The enclosure was a clipping from a local newspaper in the small town on Long Island where Blackthorn had lived with his wife until her death. It was a letter to the editor, apparently in response to an article on alternative healing. Its tone was scathing, and it read, in part:
“To promote hope and optimism in seriously ill patients is fine as long as these so-called ‘alternative healers’ don’t interfere with traditional therapies that actually have some chance of working.
“But to brainwash cancer patients with stories about the horrors of chemotherapy and radiation therapy in order to lure them away from the medical establishment and thereby get their business and collect their money is unconscionable.
“Someone very dear to me is dead because she paid far greater attention to the comforting—but medically useless—banalities of the ‘self-help’ organization Power Perspectives. If she had spent less time trying to ‘find her own power,’ and more subjecting herself to the proven powers of modern medicine, she might still be alive today.

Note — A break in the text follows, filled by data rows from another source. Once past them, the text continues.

(* $(S,s)$ is the final coalgebra for $F=M\otimes-$ on $\mathbf{Met_3}^{C}$: for every coalgebra $(X,e\colon X\to M\otimes X)$ in $\mathbf{Met_3}^{C}$ there is a unique morphism $f\colon X\to S$ in $\mathbf{Met_3}^{C}$ with $s\circ f=(M\otimes f)\circ e$.
   Context: A tripointed metric space is a set with three distinct points $T,L,R$ and a metric bounded by $1$ in which $T,L,R$ have pairwise distance $1$. $\mathbf{Met_3}^{C}$: tripointed metric spaces with continuous maps preserving $T,L,R$. Let $M=\{a,b,c\}$. For a tripointed metric space $X$, $M\times X$ has metric $d((m,x),(n,y))=\tfrac12d(x,y)$ if $m=n$ and $1$ otherwise; $M\otimes X$ is the quotient metric space by the equivalence relation generated by $(b,T)\sim(a,L)$, $(a,R)\sim(c,T)$, $(c,L)\sim(b,R)$, with elements $m\otimes x$ and distinguished points $a\otimes T,b\otimes L,c\otimes R$; $F=M\otimes-$ with $(M\otimes f)(m\otimes x)=m\otimes f(x)$. A coalgebra is $(X,e\colon X\to FX)$. Let $I=\{T,L,R\}$ with the discrete metric and $!\colon I\to FI$ be $T\mapsto a\otimes T$, $L\mapsto b\otimes L$, $R\mapsto c\otimes R$; the maps $F^n!$ are isometric embeddings and $G$ is the metric union (colimit) of $I\to FI\to F^2I\to\cdots$, i.e. expressions $m_0\otimes\cdots\otimes m_{n-1}\otimes z$ ($z\in\{T,L,R\}$) modulo the induced identifications, with $g\colon M\otimes G\to G$, $g(m\otimes w)=m\otimes w$, a bijective isometry ($(G,g)$ is the initial $F$-algebra in the category of tripointed metric spaces with short maps). $S$ is the Cauchy completion of $G$, tripointed by $T,L,R$; the completion of $g$ yields a bijective isometry $\psi\colon M\otimes S\to S$, and $s=\psi^{-1}\colon S\to M\otimes S$. *)

theory Defs
  imports "HOL-Analysis.Analysis"
begin

datatype Mlet = A | B | C
datatype Pt = T | L | R

definition metric_on :: "'a set \<Rightarrow> ('a \<Rightarrow> 'a \<Rightarrow> real) \<Rightarrow> bool" where
  "metric_on X d \<longleftrightarrow>
     (\<forall>x\<in>X. \<forall>y\<in>X. 0 \<le> d x y \<and> d x y = d y x \<and> (d x y = 0 \<longleftrightarrow> x = y)) \<and>
     (\<forall>x\<in>X. \<forall>y\<in>X. \<forall>z\<in>X. d x z \<le> d x y + d y z)"

definition tripointed :: "'a set \<Rightarrow> ('a \<Rightarrow> 'a \<Rightarrow> real) \<Rightarrow> 'a \<Rightarrow> 'a \<Rightarrow> 'a \<Rightarrow> bool" where
  "tripointed X d t l r \<longleftrightarrow> metric_on X d \<and> (\<forall>x\<in>X. \<forall>y\<in>X. d x y \<le> 1) \<and>
     t \<in> X \<and> l \<in> X \<and> r \<in> X \<and> t \<noteq> l \<and> t \<noteq> r \<and> l \<noteq> r \<and>
     d t l = 1 \<and> d t r = 1 \<and> d l r = 1"

definition mcont :: "'a set \<Rightarrow> ('a \<Rightarrow> 'a \<Rightarrow> real) \<Rightarrow> 'b set \<Rightarrow> ('b \<Rightarrow> 'b \<Rightarrow> real) \<Rightarrow> ('a \<Rightarrow> 'b) \<Rightarrow> bool" where
  "mcont X d Y d' f \<longleftrightarrow> f ` X \<subseteq> Y \<and>
     (\<forall>x\<in>X. \<forall>\<epsilon>>0. \<exists>\<delta>>0. \<forall>y\<in>X. d x y < \<delta> \<longrightarrow> d' (f x) (f y) < \<epsilon>)"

“Power Perspectives, and organizations like it that make phenomenal amounts of money offering useless panaceas for all of life’s pains, are collectively responsible for killing thousands of credulous clients every year.
“They must be stopped, by any means possible.”
The letter to the editor was signed “Robert Blackthorn.”
April shook her head and read it again. The clipping was dated a little more than a year and a half ago, which must have been shortly after his wife had died.